| Required work |
Every line holding the string "successively" is to be copied from the entries below.

| Records to use |
►
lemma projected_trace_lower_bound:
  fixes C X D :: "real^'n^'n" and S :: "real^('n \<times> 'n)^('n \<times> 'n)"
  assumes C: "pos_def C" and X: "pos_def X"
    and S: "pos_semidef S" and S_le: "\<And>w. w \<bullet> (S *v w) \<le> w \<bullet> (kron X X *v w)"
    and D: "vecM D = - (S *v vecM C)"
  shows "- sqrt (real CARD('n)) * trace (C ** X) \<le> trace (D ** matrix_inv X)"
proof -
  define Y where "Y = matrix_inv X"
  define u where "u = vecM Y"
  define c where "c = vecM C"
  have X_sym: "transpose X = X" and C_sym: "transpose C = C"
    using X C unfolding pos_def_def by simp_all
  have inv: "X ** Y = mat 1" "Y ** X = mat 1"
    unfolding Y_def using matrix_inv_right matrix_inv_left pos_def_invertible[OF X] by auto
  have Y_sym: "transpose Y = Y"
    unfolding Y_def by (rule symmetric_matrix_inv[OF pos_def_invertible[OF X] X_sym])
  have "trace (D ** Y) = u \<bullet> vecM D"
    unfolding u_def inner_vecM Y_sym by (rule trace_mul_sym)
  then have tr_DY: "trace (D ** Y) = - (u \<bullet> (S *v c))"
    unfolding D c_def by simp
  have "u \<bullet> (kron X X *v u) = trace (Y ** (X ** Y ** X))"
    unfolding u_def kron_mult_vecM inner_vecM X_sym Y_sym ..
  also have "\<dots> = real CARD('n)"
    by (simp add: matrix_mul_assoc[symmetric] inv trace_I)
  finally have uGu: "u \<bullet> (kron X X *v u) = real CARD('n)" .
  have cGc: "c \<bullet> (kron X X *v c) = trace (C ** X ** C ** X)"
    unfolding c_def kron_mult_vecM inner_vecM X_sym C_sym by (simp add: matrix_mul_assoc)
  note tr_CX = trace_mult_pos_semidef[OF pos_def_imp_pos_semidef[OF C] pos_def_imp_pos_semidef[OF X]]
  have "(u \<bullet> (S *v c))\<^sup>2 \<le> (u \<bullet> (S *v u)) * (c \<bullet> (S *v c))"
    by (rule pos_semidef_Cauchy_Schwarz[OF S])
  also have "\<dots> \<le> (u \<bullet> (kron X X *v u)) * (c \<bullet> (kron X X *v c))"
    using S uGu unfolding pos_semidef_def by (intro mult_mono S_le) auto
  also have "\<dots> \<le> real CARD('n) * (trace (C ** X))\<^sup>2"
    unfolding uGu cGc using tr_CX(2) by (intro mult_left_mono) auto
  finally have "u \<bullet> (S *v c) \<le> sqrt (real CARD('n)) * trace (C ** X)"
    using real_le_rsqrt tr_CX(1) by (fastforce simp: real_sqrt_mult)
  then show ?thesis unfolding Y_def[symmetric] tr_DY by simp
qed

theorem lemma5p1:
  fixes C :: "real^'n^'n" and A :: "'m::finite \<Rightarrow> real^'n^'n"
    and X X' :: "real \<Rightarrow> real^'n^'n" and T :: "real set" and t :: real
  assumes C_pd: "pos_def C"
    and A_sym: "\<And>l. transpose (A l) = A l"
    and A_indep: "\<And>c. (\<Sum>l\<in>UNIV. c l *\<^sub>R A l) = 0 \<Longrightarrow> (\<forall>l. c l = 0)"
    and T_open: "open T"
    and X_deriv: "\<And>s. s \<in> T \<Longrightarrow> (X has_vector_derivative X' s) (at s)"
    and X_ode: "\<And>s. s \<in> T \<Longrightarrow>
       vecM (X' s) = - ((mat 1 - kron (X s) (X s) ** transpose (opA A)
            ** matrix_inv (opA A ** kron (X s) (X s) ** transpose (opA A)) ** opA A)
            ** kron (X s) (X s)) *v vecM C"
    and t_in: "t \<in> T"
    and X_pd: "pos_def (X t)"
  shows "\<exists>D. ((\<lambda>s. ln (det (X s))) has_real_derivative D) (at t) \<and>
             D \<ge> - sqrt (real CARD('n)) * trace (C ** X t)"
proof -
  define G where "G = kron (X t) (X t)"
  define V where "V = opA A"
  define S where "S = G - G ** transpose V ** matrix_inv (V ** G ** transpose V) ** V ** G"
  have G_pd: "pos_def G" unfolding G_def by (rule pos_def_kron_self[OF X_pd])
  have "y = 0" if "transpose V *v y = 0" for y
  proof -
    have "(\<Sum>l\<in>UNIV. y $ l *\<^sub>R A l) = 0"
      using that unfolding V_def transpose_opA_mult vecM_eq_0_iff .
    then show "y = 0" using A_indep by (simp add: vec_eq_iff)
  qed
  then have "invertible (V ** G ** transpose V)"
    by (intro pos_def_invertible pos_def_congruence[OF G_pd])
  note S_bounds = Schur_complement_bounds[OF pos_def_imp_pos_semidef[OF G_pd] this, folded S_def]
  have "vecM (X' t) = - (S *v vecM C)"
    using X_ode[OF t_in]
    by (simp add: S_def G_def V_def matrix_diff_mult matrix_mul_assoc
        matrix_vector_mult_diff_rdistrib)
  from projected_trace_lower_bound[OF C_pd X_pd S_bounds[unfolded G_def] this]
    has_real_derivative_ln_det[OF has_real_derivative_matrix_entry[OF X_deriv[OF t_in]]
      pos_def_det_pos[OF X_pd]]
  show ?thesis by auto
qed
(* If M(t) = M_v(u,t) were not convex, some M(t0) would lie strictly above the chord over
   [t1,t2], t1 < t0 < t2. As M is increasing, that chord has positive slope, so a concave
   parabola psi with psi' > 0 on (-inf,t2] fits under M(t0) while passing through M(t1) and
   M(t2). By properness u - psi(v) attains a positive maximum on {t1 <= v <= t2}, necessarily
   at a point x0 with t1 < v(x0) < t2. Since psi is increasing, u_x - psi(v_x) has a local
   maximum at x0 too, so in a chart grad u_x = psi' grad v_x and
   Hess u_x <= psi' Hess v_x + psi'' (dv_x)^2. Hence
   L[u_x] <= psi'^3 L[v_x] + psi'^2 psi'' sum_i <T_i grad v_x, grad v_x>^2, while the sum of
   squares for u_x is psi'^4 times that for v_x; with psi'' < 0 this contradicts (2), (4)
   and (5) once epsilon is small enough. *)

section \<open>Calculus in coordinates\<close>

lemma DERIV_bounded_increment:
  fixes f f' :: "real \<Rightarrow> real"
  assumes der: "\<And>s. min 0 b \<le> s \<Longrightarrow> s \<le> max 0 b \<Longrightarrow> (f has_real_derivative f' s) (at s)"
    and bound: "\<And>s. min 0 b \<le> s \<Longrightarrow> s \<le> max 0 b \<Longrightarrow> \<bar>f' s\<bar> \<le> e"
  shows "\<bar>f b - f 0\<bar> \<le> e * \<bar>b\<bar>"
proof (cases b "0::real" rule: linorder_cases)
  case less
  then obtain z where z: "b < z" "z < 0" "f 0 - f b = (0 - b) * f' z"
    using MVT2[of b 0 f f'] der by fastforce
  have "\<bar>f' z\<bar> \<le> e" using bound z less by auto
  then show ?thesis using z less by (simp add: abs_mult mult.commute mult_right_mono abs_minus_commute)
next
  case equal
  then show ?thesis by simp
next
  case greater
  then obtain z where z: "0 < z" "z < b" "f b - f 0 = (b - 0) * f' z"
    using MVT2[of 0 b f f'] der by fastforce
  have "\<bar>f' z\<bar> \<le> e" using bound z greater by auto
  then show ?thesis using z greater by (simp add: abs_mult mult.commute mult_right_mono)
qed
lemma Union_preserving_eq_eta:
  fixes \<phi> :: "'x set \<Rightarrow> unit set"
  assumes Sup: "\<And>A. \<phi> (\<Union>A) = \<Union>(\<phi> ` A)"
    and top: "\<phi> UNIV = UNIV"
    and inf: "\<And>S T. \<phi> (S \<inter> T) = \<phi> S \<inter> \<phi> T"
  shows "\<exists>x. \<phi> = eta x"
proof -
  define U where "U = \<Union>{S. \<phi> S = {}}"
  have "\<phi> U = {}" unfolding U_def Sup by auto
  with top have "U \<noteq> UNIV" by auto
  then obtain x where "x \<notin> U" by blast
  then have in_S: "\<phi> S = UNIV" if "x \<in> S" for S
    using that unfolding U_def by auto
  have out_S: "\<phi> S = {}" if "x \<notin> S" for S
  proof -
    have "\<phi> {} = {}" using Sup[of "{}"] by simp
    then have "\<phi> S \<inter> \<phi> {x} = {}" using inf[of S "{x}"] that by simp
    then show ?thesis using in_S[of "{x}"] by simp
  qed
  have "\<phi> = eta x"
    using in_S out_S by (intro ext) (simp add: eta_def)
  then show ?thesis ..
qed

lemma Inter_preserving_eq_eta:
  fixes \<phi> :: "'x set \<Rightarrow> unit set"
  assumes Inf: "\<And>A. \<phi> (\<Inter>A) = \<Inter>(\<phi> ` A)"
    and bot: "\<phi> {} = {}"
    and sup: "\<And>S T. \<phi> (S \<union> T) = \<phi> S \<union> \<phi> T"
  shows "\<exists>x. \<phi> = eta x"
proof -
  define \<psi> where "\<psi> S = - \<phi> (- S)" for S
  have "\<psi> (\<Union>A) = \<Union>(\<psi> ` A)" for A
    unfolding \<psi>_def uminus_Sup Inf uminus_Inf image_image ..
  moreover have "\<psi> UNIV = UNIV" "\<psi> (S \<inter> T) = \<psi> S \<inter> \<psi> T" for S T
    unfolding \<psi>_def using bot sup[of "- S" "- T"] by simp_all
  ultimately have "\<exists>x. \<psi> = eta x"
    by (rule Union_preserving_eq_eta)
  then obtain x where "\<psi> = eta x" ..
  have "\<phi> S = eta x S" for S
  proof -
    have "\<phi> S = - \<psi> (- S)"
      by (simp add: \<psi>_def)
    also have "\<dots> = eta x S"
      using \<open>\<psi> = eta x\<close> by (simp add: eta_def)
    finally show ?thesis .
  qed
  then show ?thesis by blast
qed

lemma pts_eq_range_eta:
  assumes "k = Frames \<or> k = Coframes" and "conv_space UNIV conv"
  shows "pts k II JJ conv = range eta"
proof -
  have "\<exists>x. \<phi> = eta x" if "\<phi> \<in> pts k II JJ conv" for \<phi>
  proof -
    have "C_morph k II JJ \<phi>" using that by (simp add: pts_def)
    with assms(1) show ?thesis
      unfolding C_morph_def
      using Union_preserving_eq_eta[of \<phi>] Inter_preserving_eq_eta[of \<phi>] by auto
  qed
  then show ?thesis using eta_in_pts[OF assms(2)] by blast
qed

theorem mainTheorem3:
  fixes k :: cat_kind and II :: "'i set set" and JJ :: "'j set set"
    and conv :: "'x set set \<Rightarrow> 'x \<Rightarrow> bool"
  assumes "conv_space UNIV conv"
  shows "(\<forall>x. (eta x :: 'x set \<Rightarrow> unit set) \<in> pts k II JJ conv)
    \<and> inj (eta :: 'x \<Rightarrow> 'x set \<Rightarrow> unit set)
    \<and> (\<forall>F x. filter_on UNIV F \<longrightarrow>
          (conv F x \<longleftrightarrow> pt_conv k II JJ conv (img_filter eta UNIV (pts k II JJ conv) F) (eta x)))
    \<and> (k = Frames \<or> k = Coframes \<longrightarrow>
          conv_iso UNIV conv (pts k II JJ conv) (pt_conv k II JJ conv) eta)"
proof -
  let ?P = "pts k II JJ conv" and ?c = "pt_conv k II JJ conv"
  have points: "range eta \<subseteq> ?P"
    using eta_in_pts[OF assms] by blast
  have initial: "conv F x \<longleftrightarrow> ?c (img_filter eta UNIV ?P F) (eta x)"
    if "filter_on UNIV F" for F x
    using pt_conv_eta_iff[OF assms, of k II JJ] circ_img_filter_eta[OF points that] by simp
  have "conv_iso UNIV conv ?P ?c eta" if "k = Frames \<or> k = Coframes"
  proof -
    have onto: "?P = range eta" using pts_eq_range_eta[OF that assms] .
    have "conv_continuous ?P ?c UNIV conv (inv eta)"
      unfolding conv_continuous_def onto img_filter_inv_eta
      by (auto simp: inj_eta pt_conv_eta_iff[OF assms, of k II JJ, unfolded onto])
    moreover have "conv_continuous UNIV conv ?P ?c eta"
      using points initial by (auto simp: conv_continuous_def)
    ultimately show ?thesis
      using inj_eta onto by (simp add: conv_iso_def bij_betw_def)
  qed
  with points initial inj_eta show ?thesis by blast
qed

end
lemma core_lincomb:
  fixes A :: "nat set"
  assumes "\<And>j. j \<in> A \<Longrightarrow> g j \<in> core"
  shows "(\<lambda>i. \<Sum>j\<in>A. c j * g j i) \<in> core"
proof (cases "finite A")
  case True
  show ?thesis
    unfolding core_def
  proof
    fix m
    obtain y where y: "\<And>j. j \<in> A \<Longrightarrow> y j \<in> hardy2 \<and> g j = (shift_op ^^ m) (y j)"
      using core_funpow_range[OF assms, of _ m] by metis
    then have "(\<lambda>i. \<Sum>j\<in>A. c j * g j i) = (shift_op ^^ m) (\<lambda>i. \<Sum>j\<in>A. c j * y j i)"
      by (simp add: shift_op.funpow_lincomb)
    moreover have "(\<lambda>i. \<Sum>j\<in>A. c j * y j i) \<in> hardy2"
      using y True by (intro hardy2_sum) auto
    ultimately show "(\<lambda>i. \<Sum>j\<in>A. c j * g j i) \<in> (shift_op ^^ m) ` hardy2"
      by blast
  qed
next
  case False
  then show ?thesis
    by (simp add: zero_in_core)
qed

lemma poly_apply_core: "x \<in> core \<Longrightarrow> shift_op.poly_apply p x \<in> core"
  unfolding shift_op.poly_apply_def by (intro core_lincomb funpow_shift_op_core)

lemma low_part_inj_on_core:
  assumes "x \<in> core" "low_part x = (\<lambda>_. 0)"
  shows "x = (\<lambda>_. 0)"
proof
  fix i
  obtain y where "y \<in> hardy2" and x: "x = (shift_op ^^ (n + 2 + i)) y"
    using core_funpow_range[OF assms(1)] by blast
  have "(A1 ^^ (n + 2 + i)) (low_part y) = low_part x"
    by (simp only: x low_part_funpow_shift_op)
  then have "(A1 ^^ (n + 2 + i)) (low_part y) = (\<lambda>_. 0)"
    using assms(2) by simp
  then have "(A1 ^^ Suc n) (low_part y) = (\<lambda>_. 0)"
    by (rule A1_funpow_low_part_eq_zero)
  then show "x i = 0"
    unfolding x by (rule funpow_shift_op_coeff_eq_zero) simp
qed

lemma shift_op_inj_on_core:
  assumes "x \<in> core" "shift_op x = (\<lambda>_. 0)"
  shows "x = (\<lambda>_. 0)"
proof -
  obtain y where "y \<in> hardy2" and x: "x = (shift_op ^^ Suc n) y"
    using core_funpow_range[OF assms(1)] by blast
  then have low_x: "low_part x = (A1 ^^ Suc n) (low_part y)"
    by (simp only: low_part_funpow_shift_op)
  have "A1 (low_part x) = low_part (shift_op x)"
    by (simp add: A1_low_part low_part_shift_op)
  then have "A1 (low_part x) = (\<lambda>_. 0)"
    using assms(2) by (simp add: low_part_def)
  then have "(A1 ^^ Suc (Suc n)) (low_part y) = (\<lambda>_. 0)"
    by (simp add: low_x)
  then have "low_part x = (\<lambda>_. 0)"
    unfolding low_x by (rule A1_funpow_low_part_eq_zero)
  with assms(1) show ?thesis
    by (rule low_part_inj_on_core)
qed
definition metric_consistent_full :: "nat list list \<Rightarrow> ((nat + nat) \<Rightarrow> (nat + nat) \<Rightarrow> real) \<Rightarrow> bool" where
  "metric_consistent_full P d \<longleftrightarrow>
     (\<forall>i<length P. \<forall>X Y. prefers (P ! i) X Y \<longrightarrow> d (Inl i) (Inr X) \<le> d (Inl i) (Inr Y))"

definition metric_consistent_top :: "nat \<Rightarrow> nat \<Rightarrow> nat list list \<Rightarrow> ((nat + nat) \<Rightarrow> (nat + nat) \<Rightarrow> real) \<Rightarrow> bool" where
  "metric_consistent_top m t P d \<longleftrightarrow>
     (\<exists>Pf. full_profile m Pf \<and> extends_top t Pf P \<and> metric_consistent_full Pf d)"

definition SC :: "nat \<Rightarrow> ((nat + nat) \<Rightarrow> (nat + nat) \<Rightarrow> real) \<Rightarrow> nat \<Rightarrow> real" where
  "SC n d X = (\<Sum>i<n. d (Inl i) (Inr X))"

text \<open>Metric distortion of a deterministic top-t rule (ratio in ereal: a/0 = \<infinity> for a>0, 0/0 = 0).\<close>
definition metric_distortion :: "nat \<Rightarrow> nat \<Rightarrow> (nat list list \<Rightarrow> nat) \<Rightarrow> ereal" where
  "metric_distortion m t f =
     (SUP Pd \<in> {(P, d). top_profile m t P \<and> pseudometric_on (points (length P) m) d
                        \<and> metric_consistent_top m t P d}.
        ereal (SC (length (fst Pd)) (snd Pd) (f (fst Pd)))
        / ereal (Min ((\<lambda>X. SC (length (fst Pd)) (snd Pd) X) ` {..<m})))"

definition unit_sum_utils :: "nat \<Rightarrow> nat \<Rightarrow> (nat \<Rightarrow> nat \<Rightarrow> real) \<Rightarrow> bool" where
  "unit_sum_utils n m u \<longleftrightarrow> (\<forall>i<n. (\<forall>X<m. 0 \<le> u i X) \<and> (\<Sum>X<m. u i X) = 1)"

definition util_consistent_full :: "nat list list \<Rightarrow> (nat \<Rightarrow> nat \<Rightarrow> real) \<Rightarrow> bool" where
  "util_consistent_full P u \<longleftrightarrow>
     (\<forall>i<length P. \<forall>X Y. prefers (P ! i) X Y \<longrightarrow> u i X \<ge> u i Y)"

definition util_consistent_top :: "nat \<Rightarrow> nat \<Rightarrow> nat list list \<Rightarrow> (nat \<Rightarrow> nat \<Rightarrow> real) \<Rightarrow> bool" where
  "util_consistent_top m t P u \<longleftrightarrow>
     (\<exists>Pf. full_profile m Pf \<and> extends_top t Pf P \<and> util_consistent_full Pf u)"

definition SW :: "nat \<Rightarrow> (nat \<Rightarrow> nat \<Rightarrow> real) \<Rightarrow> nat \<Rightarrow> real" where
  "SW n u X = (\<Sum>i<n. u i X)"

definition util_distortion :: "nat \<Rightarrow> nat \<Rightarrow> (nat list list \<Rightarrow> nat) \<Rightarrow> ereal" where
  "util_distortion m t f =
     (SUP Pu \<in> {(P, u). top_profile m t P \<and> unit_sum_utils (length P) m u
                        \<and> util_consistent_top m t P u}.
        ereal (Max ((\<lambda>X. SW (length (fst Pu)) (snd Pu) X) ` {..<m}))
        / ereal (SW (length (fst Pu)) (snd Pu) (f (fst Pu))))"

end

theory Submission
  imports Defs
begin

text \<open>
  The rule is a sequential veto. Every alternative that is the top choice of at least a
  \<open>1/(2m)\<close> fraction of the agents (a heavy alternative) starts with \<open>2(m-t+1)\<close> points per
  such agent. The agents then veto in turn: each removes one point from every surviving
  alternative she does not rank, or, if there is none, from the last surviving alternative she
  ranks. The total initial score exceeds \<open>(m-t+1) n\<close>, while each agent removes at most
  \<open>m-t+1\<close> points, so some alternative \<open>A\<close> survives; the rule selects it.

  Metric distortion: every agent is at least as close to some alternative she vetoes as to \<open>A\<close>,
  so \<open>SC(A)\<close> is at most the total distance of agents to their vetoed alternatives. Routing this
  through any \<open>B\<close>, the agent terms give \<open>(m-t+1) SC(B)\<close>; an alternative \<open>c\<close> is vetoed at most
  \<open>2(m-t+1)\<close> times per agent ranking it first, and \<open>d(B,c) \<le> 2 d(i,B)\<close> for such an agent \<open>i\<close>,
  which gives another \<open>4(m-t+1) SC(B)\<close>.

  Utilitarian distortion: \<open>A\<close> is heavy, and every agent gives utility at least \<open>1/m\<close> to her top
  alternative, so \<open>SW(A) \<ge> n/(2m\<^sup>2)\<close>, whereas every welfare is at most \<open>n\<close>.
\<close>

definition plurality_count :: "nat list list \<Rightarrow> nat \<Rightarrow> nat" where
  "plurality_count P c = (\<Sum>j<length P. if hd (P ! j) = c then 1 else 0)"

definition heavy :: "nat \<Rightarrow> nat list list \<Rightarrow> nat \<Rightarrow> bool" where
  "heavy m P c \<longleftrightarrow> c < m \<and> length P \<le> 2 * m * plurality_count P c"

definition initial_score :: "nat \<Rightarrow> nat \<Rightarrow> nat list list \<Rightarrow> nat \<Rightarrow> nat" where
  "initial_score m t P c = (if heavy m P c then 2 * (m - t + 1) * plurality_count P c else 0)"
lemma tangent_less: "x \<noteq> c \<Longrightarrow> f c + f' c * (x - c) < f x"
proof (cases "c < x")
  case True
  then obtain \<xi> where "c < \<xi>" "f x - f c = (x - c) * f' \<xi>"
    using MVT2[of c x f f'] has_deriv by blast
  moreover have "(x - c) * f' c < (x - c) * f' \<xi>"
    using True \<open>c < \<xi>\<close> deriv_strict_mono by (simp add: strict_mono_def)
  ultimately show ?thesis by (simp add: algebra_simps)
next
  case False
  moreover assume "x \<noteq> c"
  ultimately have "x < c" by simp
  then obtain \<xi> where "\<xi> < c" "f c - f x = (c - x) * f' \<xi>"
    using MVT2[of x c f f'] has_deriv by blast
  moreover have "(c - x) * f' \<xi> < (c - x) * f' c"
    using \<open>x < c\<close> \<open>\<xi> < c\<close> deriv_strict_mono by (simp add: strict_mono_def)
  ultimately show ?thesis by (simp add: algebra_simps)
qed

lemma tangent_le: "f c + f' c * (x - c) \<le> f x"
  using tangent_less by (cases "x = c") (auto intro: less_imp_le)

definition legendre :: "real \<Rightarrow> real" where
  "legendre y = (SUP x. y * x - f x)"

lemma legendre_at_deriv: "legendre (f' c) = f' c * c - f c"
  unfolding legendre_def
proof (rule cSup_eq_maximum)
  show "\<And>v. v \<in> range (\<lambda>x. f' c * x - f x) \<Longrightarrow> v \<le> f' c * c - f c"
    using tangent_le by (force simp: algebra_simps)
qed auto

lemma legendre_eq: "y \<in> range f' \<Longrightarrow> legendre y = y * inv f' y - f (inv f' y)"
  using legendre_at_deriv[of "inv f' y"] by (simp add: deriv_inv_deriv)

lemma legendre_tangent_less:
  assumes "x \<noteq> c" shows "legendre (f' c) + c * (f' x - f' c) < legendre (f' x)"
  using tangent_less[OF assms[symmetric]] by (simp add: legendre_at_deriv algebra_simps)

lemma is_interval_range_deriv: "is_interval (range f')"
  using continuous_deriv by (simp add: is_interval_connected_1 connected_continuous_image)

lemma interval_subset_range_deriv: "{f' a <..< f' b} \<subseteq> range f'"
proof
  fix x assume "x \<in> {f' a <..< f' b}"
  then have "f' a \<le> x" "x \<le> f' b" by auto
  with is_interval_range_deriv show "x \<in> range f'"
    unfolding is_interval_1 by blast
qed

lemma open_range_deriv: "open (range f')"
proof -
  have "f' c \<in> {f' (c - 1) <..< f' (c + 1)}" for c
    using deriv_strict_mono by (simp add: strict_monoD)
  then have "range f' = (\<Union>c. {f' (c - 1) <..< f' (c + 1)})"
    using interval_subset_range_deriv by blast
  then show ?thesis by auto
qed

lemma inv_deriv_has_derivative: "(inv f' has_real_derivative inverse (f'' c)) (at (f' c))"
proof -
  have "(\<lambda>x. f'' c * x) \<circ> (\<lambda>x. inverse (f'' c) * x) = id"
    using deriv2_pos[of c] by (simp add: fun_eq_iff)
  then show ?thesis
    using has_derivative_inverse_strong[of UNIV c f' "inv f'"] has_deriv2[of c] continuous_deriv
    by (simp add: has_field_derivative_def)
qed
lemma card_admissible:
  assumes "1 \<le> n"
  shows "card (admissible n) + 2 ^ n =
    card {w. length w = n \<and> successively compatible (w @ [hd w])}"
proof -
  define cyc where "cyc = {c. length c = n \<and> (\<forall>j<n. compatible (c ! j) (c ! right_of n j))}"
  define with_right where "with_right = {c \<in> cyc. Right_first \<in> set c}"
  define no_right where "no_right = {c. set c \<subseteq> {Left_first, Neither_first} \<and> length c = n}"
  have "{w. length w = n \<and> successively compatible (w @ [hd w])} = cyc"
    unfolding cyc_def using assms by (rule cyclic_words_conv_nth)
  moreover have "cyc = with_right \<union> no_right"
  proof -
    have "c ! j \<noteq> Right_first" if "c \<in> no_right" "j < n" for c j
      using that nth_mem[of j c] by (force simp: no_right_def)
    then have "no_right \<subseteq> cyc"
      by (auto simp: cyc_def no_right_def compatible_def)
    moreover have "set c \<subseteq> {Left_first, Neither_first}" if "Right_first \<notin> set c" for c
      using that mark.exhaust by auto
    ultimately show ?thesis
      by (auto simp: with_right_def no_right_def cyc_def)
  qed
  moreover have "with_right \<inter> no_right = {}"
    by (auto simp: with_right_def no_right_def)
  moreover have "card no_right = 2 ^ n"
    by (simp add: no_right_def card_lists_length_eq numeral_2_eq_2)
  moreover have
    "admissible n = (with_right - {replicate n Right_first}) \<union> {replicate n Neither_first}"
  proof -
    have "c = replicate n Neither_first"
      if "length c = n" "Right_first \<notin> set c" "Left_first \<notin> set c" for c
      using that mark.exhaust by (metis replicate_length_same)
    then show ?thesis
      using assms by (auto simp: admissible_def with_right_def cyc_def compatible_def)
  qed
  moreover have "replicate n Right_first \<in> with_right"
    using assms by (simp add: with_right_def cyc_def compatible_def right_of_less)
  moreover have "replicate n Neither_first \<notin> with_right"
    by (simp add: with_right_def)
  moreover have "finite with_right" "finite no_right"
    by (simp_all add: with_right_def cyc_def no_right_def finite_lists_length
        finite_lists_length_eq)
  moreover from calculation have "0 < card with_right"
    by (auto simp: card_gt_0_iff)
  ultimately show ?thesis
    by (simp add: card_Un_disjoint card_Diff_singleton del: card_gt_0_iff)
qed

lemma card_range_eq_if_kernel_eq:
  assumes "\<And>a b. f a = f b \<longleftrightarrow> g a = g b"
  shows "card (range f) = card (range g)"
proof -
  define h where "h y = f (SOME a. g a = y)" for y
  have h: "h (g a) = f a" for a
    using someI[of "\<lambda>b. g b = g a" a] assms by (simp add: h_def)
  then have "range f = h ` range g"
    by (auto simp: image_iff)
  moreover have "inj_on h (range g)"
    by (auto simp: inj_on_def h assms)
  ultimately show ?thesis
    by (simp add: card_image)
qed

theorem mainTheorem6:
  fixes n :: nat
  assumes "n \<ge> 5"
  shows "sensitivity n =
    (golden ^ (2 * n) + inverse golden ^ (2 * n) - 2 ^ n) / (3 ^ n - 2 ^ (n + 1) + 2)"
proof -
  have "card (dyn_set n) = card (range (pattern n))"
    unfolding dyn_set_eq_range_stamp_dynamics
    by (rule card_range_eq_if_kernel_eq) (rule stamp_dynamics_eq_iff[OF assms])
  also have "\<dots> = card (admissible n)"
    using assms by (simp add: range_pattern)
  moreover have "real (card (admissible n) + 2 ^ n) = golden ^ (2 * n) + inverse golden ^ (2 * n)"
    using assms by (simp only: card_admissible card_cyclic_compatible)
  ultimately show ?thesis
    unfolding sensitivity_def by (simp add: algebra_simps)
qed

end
◄
| Answer box |
    card {w. length w = n \<and> successively compatible (w @ [hd w])}"
  have "{w. length w = n \<and> successively compatible (w @ [hd w])} = cyc"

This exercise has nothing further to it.